Automatic Annotation of Attribution of a Mind to AI

Image for project Automatic Annotation of Attribution of a Mind to AI

Description: Humans have the astounding ability to attribute mental states to their interaction partners, so-called Theory of Mind (ToM), which is reflected in the terms and language used to explain behaviour (Malle 2012). While beneficial in human interactions, ToM can have negative consequences when users interact with AI agents. It may lead to overestimating the AI's intelligence, intentionality and trustworthiness (Watson 2020, Salles et al. 2020).

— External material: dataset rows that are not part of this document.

fun evalt :: "('a, 'f, 'r) struc \<Rightarrow> (nat \<Rightarrow> 'a) \<Rightarrow> 'f trm \<Rightarrow> 'a" where
  "evalt S e (Var v) = e v"
| "evalt S e (Fn f ts) = funs S f (map (evalt S e) ts)"

fun fvt :: "'f trm \<Rightarrow> nat set" where
  "fvt (Var v) = {v}"
| "fvt (Fn f ts) = \<Union> (set (map fvt ts))"

fun fv :: "('f, 'r) fm \<Rightarrow> nat set" where
  "fv (Eq s t) = fvt s \<union> fvt t"
| "fv (Rel r ts) = \<Union> (set (map fvt ts))"
| "fv (Neg \<phi>) = fv \<phi>"
| "fv (Conj \<phi> \<psi>) = fv \<phi> \<union> fv \<psi>"
| "fv (Ex x \<phi>) = fv \<phi> - {x}"

fun sat_in :: "'a set \<Rightarrow> ('a, 'f, 'r) struc \<Rightarrow> ('f, 'r) fm \<Rightarrow> (nat \<Rightarrow> 'a) \<Rightarrow> bool" where
  "sat_in U S (Eq s t) e = (evalt S e s = evalt S e t)"
| "sat_in U S (Rel r ts) e = rels S r (map (evalt S e) ts)"
| "sat_in U S (Neg \<phi>) e = (\<not> sat_in U S \<phi> e)"
| "sat_in U S (Conj \<phi> \<psi>) e = (sat_in U S \<phi> e \<and> sat_in U S \<psi> e)"
| "sat_in U S (Ex x \<phi>) e = (\<exists>a\<in>U. sat_in U S \<phi> (e(x := a)))"

text \<open>Satisfaction in the whole structure (the monster model has universe UNIV).\<close>
abbreviation sat :: "('a, 'f, 'r) struc \<Rightarrow> ('f, 'r) fm \<Rightarrow> (nat \<Rightarrow> 'a) \<Rightarrow> bool" where
  "sat S \<equiv> sat_in UNIV S"
(* Let $G$ be a finite connected graph with vertices $u,v$ such that $uv\in E(G)$, $\deg_G(u)\ge 2$ and $\deg_G(v)=1$. Let $G_v$ be obtained from $G$ by adding a new vertex $x$ and the edge $ux$. Then $\mathrm{cat}(G_v,a)=\mathrm{cat}(G,a)$ for all $a\in V(G)$, and $\mathrm{cat}(G_v,x)=1$. In particular $\mathrm{cat}(G_v)=\mathrm{cat}(G)$.
   Context: Cat Herding is played on a simple graph $G$. The cat first places its token on a vertex. Then the players alternate, the herder moving first: the herder deletes one edge of the current graph, and then, unless the cat's current vertex has degree $0$ in the current graph, the cat moves its token along a path with at least one edge in the current graph to a different vertex. The cat is captured when its vertex has degree $0$ in the current graph, and the game ends; the score is the number of edges deleted. For a finite graph $G$ and $v\in V(G)$, $\mathrm{cat}(G,v)$ is the score under optimal play (herder minimizing, cat maximizing) when the cat starts at $v$, and $\mathrm{cat}(G)=\max_{v}\mathrm{cat}(G,v)$. *)

theory Defs
  imports Main
begin

definition simple_graph :: "'a set \<Rightarrow> 'a set set \<Rightarrow> bool" where
  "simple_graph V E \<longleftrightarrow> finite V \<and>
     (\<forall>e\<in>E. \<exists>x y. x \<noteq> y \<and> x \<in> V \<and> y \<in> V \<and> e = {x, y})"
lemma consecutive_pivotal_gromov_le:
  assumes "consecutive (PP n) k k'"
  shows "gromov (Yc k) (Ym (Suc n)) (Yc k') \<le> C0 + 3 * \<delta>"
  using assms
proof (induction "Max (PP n) - k'" arbitrary: k k' rule: less_induct)
  case less
  let ?P = "PP n" and ?z = "Ym (Suc n)"
  have inv: "pivotal_invariant n" by (rule pivotal_invariant)
  have "k' \<in> ?P" using less.prems unfolding consecutive_def by auto
  then have dist_k': "D \<le> dist (Yc k') (Yp k')" by (intro dist_yy_yp pivotal_ge_1)
  have to_k': "gromov (Yc k) (Yp k') (Yc k') \<le> C0 + \<delta>"
    using inv less.prems unfolding pivotal_invariant_def by blast
  show ?case
  proof (cases "k' = Max ?P")
    case True
    then have "gromov (Yc k') ?z (Yp k') \<le> 2 * C0 + 4 * \<delta>"
      using inv \<open>k' \<in> ?P\<close> unfolding pivotal_invariant_def by auto
    then have "gromov (Yc k) ?z (Yc k') \<le> C0 + \<delta> + \<delta>"
      by (rule gromov_concat[OF hyp to_k' _ dist_k']) (use D_large C0_nonneg delta_nonneg in linarith)
    then show ?thesis using delta_nonneg by simp
  next
    case False
    then have "k' < Max ?P" using \<open>k' \<in> ?P\<close> finite_pivotal by (simp add: order_le_neq_trans)
    define k'' where "k'' = Min {j\<in>?P. k' < j}"
    have next_pair: "consecutive ?P k' k''"
      unfolding k''_def by (rule consecutive_Min_greater[OF finite_pivotal \<open>k' \<in> ?P\<close> \<open>k' < Max ?P\<close>])
    then have "Max ?P - k'' < Max ?P - k'"
      using finite_pivotal \<open>k' < Max ?P\<close> unfolding consecutive_def
      by (meson Max_ge diff_less_mono2 order_less_le_trans)
    then have IH: "gromov (Yc k') ?z (Yc k'') \<le> C0 + 3 * \<delta>"
      using less.hyps next_pair by blast
    have k'_k'': "gromov (Yc k') (Yc k'') (Yp k') \<le> 3 * C0 + 5 * \<delta>"
      using inv next_pair unfolding pivotal_invariant_def by blast
    have to_k'': "gromov (Yc k) (Yc k'') (Yc k') \<le> C0 + \<delta> + \<delta>"
      by (rule gromov_concat[OF hyp to_k' k'_k'' dist_k']) (use D_large C0_nonneg delta_nonneg in linarith)
    have "D - (3 * C0 + 5 * \<delta>) \<le> dist (Yc k') (Yc k'')"
      using dist_sub_gromov_le[of "Yc k'" "Yp k'" "Yc k''"] dist_k' k'_k'' by linarith
    then have "gromov (Yc k) ?z (Yc k') \<le> C0 + \<delta> + \<delta> + \<delta>"
      by (rule gromov_concat[OF hyp to_k'' IH]) (use D_large C0_nonneg delta_nonneg in linarith)
    then show ?thesis by simp
  qed
qed

lemma pivotal_gromov_le:
  assumes "k \<in> PP n"
  shows "gromov (Yc k) (Ym (Suc n)) (Yp k) \<le> 4 * C0 + 9 * \<delta>"
proof (cases "k = Max (PP n)")
  case True
  then show ?thesis
    using pivotal_invariant[of n] assms C0_nonneg delta_nonneg
    unfolding pivotal_invariant_def by fastforce
next
  case False
  then have "k < Max (PP n)" using assms finite_pivotal by (simp add: order_le_neq_trans)
  then obtain k' where pair: "consecutive (PP n) k k'"
    using consecutive_Min_greater[OF finite_pivotal assms] by blast
  then have "gromov (Yc k) (Yc k') (Yp k) \<le> 3 * C0 + 5 * \<delta>"
    using pivotal_invariant[of n] unfolding pivotal_invariant_def by blast
  then show ?thesis
    using consecutive_pivotal_gromov_le[OF pair]
      gromov_le_add_gromov[of "Yc k" "Ym (Suc n)" "Yp k" "Yc k'"] delta_nonneg
    by linarith
qed

lemma pivotal_chain:
  assumes "k \<in> PP n"
  shows "is_chain (2 * C0 + 5 * \<delta>) (D - 6 * C0 - 13 * \<delta>) [Ym k, Yc k, Ym (Suc n)]"
proof -
  have "1 \<le> k" using assms by (rule pivotal_ge_1)
  have aligned: "gromov (Ym k) (Yp k) (Yc k) \<le> C0"
    using pivotal_invariant[of n] assms unfolding pivotal_invariant_def by blast
  have far: "gromov (Yc k) (Ym (Suc n)) (Yp k) \<le> 4 * C0 + 9 * \<delta>"
    by (rule pivotal_gromov_le[OF assms])
  have "gromov (Ym k) (Ym (Suc n)) (Yc k) \<le> C0 + \<delta>"
    by (rule gromov_concat[OF hyp aligned far dist_yy_yp[OF \<open>1 \<le> k\<close>]])
       (use D_large C0_nonneg delta_nonneg in linarith)
  moreover have "D - (4 * C0 + 9 * \<delta>) \<le> dist (Yc k) (Ym (Suc n))"
    using dist_sub_gromov_le[of "Yc k" "Yp k" "Ym (Suc n)"] dist_yy_yp[OF \<open>1 \<le> k\<close>] far
    by linarith
  ultimately show ?thesis
    using dist_ym_yy[OF \<open>1 \<le> k\<close>] C0_nonneg delta_nonneg unfolding is_chain_three by auto
qed

end

text \<open>The chain property holds at every pivotal time.\<close>

theorem lemma5p2:
  fixes \<delta> C0 D :: real and bp :: "'a::metric_space" and S :: "('a \<Rightarrow> 'a) set"
    and u a b :: "nat \<Rightarrow> 'a \<Rightarrow> 'a" and n k :: nat
  assumes "hyperbolic \<delta> TYPE('a)"
    and "0 \<le> C0"
    and "schottky (1/100) C0 D bp S"
    and "\<And>i. isometry (u i)"
    and "\<And>i. 1 \<le> i \<Longrightarrow> a i \<in> S"
    and "\<And>i. 1 \<le> i \<Longrightarrow> b i \<in> S"
    and "D \<ge> 6 * C0 + 13 * \<delta> + 1"
    and "k \<in> pivotal \<delta> C0 bp u a b n"
    and "k \<noteq> Min (pivotal \<delta> C0 bp u a b n)"
  shows "is_chain (2 * C0 + 5 * \<delta>) (D - 6 * C0 - 13 * \<delta>)
           [ym bp u a b k, yy bp u a b k, ym bp u a b (Suc n)]"
proof -
  interpret hyperbolic_pivotal \<delta> C0 D bp u a b
    using assms(1-7) schottky_isometry[OF assms(3)] schottky_displacement[OF assms(3)]
    by unfold_locales auto
  show ?thesis by (rule pivotal_chain[OF assms(8)])
qed

end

The goal of this project is to create an automatic annotation tool that detects utterances that attribute a mind to AI systems. The annotation can be learned from the coding scheme and examples provided here (Malle 2014, Malle undated). It can be tested on AI research papers or twitter conversations to see whether the AI research community falls short in preventing the negative effects of ToM. The outcome is the automatic annotator and an analysis of the mind attribution in AI research.

Supervisor: Susanne Hindennach

Distribution: 30% Literature, 50% Implementation, 20% Analysis

Requirements: Interest in Theory of Mind and philosophy/linguistics, information retrieval, NLP

Literature:

Malle, Bertram F. 2012. Folk Theory of Mind: Conceptual Foundations of Human Social Cognition. The New Unconscious.

Malle, Bertram F. 2014. F.Ex: A Coding Scheme for Folk Explanations of Behavior, version 4.5.7. https://research.clps.brown.edu/SocCogSci/Coding/Fex%204.5.7%20(2014).pdf

Malle, Bertram F. Naturally Occurring Explanations. https://research.clps.brown.edu/SocCogSci/Coding/natural.html

Salles, Arleen, Kathinka Evers, and Michele Farisco. 2020. Anthropomorphism in AI. AJOB Neuroscience, 11(2), p.88-95.

Watson, David. 2020. The Rhetoric and Reality of Anthropomorphism in Artificial Intelligence. Minds and Machines, 29, p.45-65.